Arterial bypass is dealing with the present problem of arterial blockage and does not confront the actual disease which is atherosclerosis. Therefore you should try and control all the risk factors that make the disease more aggressive.

If you were previously a smoker, you must make a sincere effort to stop smoking completely. Continued smoking will cause further damage to your arteries and your graft is more likely to stop working.

Low fat diet and other general health measures such as reducing weight and regular exercise are also important.

If your cholesterol levels are high and cannot be controlled by diet, you may have to be put on a drug to bring blood lipids down to normal levels.

Control of hypertension is essential.

11. What is the fate of the bypass graft?

All grafts do sometimes fail, but the overall result is good if you take good care of yourself and control the risk factors.

Axillofemoral grafts remain open at the end of 5 years in 60-75%.

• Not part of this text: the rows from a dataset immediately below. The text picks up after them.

(* In the Cucker–Smale setting below, for all $n\in\mathbb{N}_0$, $$d_V(t_{2n+1})\le\left(1-\int_{t_{2n}}^{t_{2n+1}}\phi(s)\,ds\right)d_V(t_{2n}),$$ where for $t\ge0$, $\tilde\psi_t:=\min\{\tilde\psi(r):r\in[0,\max_{s\in[0,t]}d_X(s)]\}$ and $\phi(t):=\min\left\{e^{-\tilde KT}\tilde\psi_t,\frac{e^{-\tilde KT}}{T}\right\}$.
   Context: Setting: $N\ge2$; $\tilde\psi:\mathbb{R}\to\mathbb{R}$ positive, bounded, continuous, with $\tilde K:=\|\tilde\psi\|_\infty$ and $\int_0^\infty\min_{r\in[0,x]}\tilde\psi(r)dx=+\infty$; $\{t_n\}_{n\in\mathbb{N}_0}$ increasing, nonnegative, $t_0=0$, $t_n\to\infty$, with $t_{2n+2}-t_{2n+1}<\frac{\ln2}{\tilde K}$ and $t_{2n+1}-t_{2n}>\frac1{\tilde K}$ for all $n$, and $\sum_{p\ge0}\ln\frac{e^{\tilde K(t_{2p+2}-t_{2p+1})}}{2-e^{\tilde K(t_{2p+2}-t_{2p+1})}}<\infty$. A number $T>\frac{\ln2}{\tilde K}$ is fixed such that $t_{2n+1}-t_{2n}\le T$ for all $n\in\mathbb{N}_0$. $\alpha(0)=1$, $\alpha=1$ on $(t_{2n},t_{2n+1})$, $\alpha=-1$ on $[t_{2n+1},t_{2n+2}]$. $\{(x_i,v_i)\}$ solves $x_i'=v_i$, $v_i'(t)=\frac1{N-1}\sum_{j\ne i}\alpha(t)\tilde\psi(|x_i(t)-x_j(t)|)(v_j(t)-v_i(t))$, $t>0$, with given initial data in $\mathbb{R}^d$ (continuous, $C^1$ on each $(t_n,t_{n+1})$). $d_X(t):=\max_{i,j}|x_i(t)-x_j(t)|$, $d_V(t):=\max_{i,j}|v_i(t)-v_j(t)|$. *)

theory Defs
  imports "HOL-Analysis.Analysis"
begin

definition cs_alpha :: "(nat \<Rightarrow> real) \<Rightarrow> real \<Rightarrow> real" where
  "cs_alpha tt s =
     (if s = 0 then 1
      else if (\<exists>n. tt (2*n) < s \<and> s < tt (2*n+1)) then 1
      else if (\<exists>n. tt (2*n+1) \<le> s \<and> s \<le> tt (2*n+2)) then -1
      else 0)"

definition diam_at :: "nat \<Rightarrow> (nat \<Rightarrow> real \<Rightarrow> 'a::real_normed_vector) \<Rightarrow> real \<Rightarrow> real" where
  "diam_at N y s = Max {norm (y i s - y j s) | i j. i < N \<and> j < N}"

definition psi_t :: "(real \<Rightarrow> real) \<Rightarrow> nat \<Rightarrow> (nat \<Rightarrow> real \<Rightarrow> 'a::real_normed_vector) \<Rightarrow> real \<Rightarrow> real" where
  "psi_t \<psi> N x s = Inf (\<psi> ` {0 .. Sup ((\<lambda>r. diam_at N x r) ` {0..s})})"

definition phi_fun :: "(real \<Rightarrow> real) \<Rightarrow> real \<Rightarrow> real \<Rightarrow> nat \<Rightarrow> (nat \<Rightarrow> real \<Rightarrow> 'a::real_normed_vector) \<Rightarrow> real \<Rightarrow> real" where
  "phi_fun \<psi> K T N x s = min (exp (- K * T) * psi_t \<psi> N x s) (exp (- K * T) / T)"

end

theory Submission
  imports Defs
begin

(*
  On a flocking interval (t_{2n}, t_{2n+1}) the sign alpha is +1 and every communication weight
  psi(|x_i - x_j|) is at least psi_t, the minimum of psi up to the largest position diameter seen
  so far.  Projecting the dynamics onto v_i - v_k for a pair realising d_V shows that
  |v_i - v_k|^2 decreases at rate at least 2 psi_t d_V^2, so the upper right Dini derivative of
  d_V(t)^2 exp(2 int_{t_{2n}}^t psi_t) is nonpositive and d_V(t_{2n+1}) <= exp(-I) d_V(t_{2n})
  with I = int psi_t.  As psi_t <= K and t_{2n+1} - t_{2n} <= T we have 0 <= I <= K T, and on
  that range exp(-I) <= 1 - e^{-K T} I; finally e^{-K T} I dominates the integral of phi.
  Only the flocking interval itself is involved.
*)

lemma exp_minus_le_one_minus_chord:
  fixes a c :: real
  assumes "0 \<le> a" "a \<le> c"
  shows "exp (- a) \<le> 1 - exp (- c) * a"
proof (cases "a = 0")
  case False
  then have "0 < a"
    using assms by simp
  have "((\<lambda>s. exp (- s)) has_real_derivative - exp (- s)) (at s)" for s
    by (auto intro!: derivative_eq_intros)
  then obtain \<xi> where "0 < \<xi>" "\<xi> < a" "exp (- a) - exp (- 0) = (a - 0) * - exp (- \<xi>)"
    using MVT2[OF \<open>0 < a\<close>, of "\<lambda>s. exp (- s)" "\<lambda>s. - exp (- s)"] by blast
  then have "exp (- a) = 1 - exp (- \<xi>) * a"
    by (simp add: algebra_simps)
  moreover have "exp (- c) * a \<le> exp (- \<xi>) * a"
    using \<open>\<xi> < a\<close> assms by (intro mult_right_mono) auto
  ultimately show ?thesis
    by linarith
qed simp

lemma one_minus_mult_exp_le_one: "(1 - x) * exp x \<le> (1::real)"
  using exp_ge_add_one_self[of "- x"] mult_right_mono[of "1 - x" "exp (- x)" "exp x"]
  by (simp add: exp_minus)

lemma integrable_on_antimono_on:
  fixes f :: "real \<Rightarrow> real"
  assumes "antimono_on {a..b} f"
  shows "f integrable_on {a..b}"
proof -
  have "(\<lambda>s. - f s) integrable_on {a..b}"
    using assms by (intro integrable_on_mono_on) (auto simp: monotone_on_def)
  then show ?thesis
    using integrable_neg by fastforce
qed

If your graft blocks, the symptoms you had previously will recur; if this happens, then you should come promptly to the hospital, as 25% of grafts can be reopened by surgery performed under local anaesthesia, provided that you come to the hospital early.

 

·      IF YOU DEVELOP ANY SEVERE PAIN IN THE LEG THE GRAFT MAY BE BLOCKED; THE SOONER YOU GET BACK TO THE HOSPITAL THE EASIER IT IS FOR IT TO BE UNBLOCKED.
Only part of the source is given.